Brandon also wrote that due to where the commanding officer flew, he would need to go through a five-day restriction of movement period. The commanding officer did not fill out the proper risk assessment paperwork or discuss a plan with his executive officer for what would happen with that ship, which is in basic phase, during that time, according to Brandon’s declarations.
“In light of the foregoing, I do not trust Plaintiff Navy Commander with the lives of our Sailors,” Brandon wrote in his second declaration. “In my professional judgment, I cannot leave him in Command of a Navy warship, regardless of his vaccination status or religious exemption request.”
The commanding officer testified again in his case on March 10. He testified that he received a subpoena to appear in court and that he went through the appropriate steps to get leave, according to a hearing transcript.
During that hearing, the commanding officer said that he notified his department heads, executive officer and command master chief that he would be gone for a week, out of the area, in February. He also told his executive officer that he would be going to Tampa for legal matters.

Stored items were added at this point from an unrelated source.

definition pre :: "nat \<Rightarrow> (nat list \<Rightarrow> rat) \<Rightarrow> (nat list \<Rightarrow> rat)" where
  "pre a p = (\<lambda>w. case w of [] \<Rightarrow> 0 | b # w' \<Rightarrow> if b = a then p w' else 0)"

fun stw :: "nat list \<Rightarrow> nat list \<Rightarrow> (nat list \<Rightarrow> rat)" where
  "stw [] v = (\<lambda>w. if w = v then 1 else 0)"
| "stw (a # u) [] = (\<lambda>w. if w = a # u then 1 else 0)"
| "stw (a # u) (b # v) =
     (\<lambda>w. pre a (stw u (b # v)) w + pre b (stw (a # u) v) w + pre (a + b) (stw u v) w)"

definition st :: "(nat list \<Rightarrow> rat) \<Rightarrow> (nat list \<Rightarrow> rat) \<Rightarrow> (nat list \<Rightarrow> rat)" where
  "st p q = (\<lambda>w. \<Sum>u\<in>supp p. \<Sum>v\<in>supp q. p u * q v * stw u v w)"

definition lin :: "(nat list \<Rightarrow> 'a::q_algebra) \<Rightarrow> (nat list \<Rightarrow> rat) \<Rightarrow> 'a" where
  "lin f p = (\<Sum>u\<in>supp p. scaleQ (p u) (f u))"

definition is_hom :: "(nat list \<Rightarrow> 'a::q_algebra) \<Rightarrow> bool" where
  "is_hom f \<longleftrightarrow> f [] = 1 \<and> (\<forall>p\<in>Hz. \<forall>q\<in>Hz. lin f (st p q) = lin f p * lin f q)"

definition Fsum :: "(nat \<Rightarrow> nat list \<Rightarrow> 'a::q_algebra) \<Rightarrow> nat \<Rightarrow> nat list \<Rightarrow> 'a" where
  "Fsum f M w =
    (if w = [] then 1 else
     (\<Sum>ws\<in>{ws. concat ws = w \<and> [] \<notin> set ws}.
        \<Sum>ms\<in>{ms. length ms = length ws \<and> sorted_wrt (<) ms \<and> (\<forall>m\<in>set ms. 0 < m \<and> m < M)}.
          \<Prod>i<length ws. f (ms ! i) (ws ! i)))"

end

theory Submission imports Defs begin

text \<open>A linear map \<open>lin g\<close> is a stuffle homomorphism iff \<open>g [] = 1\<close> and its value
  \<open>stuffle_eval g u v\<close> on the stuffle product of two words \<open>u, v\<close> is \<open>g u * g v\<close>. Such
  "multiplicative" maps are closed under the convolution dual to deconcatenation, because
  the stuffle product of \<open>u\<close> and \<open>v\<close> deconcatenates as the sum over all splittings
  \<open>u = u\<^sub>1u\<^sub>2\<close>, \<open>v = v\<^sub>1v\<^sub>2\<close> of (\<open>u\<^sub>1 * v\<^sub>1\<close>) \<open>\<otimes>\<close> (\<open>u\<^sub>2 * v\<^sub>2\<close>). Splitting off the
  largest summation index \<open>m\<^sub>k = M\<close> shows that \<open>F(M+1)\<close> is the convolution of \<open>F(M)\<close> with
  \<open>f(M)\<close>, and \<open>F(1)\<close> is the counit, so the theorem follows by induction on \<open>M\<close>.\<close>

lemma scaleQ_zero_right [simp]: "scaleQ r (0::'a::q_algebra) = 0"
  using scaleQ_add_right[of r "0::'a" 0] by simp

lemma scaleQ_zero_left [simp]: "scaleQ 0 (x::'a::q_algebra) = 0"
  using scaleQ_add_left[of 0 0 x] by simp

lemma scaleQ_sum_left: "scaleQ (sum h I) (x::'a::q_algebra) = (\<Sum>i\<in>I. scaleQ (h i) x)"
  by (induction I rule: infinite_finite_induct) (auto simp: scaleQ_add_left)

In his declaration, Mast writes it is a new policy preventing unvaccinated sailors going underway. However, it is not a new policy, but one laid out in NAVADMIN 256/21, which was published in November 2021.
“Navy service members who are not vaccinated, regardless of exemption status, may be temporarily reassigned with concurrence of the first flag officer in the administrative chain of command based on operational readiness and mission requirements,” according to the NAVADMIN.
The Navy previously said those with exemptions for the vaccine could have their positions limited due to being unprotected against COVID-19, USNI News previously reported.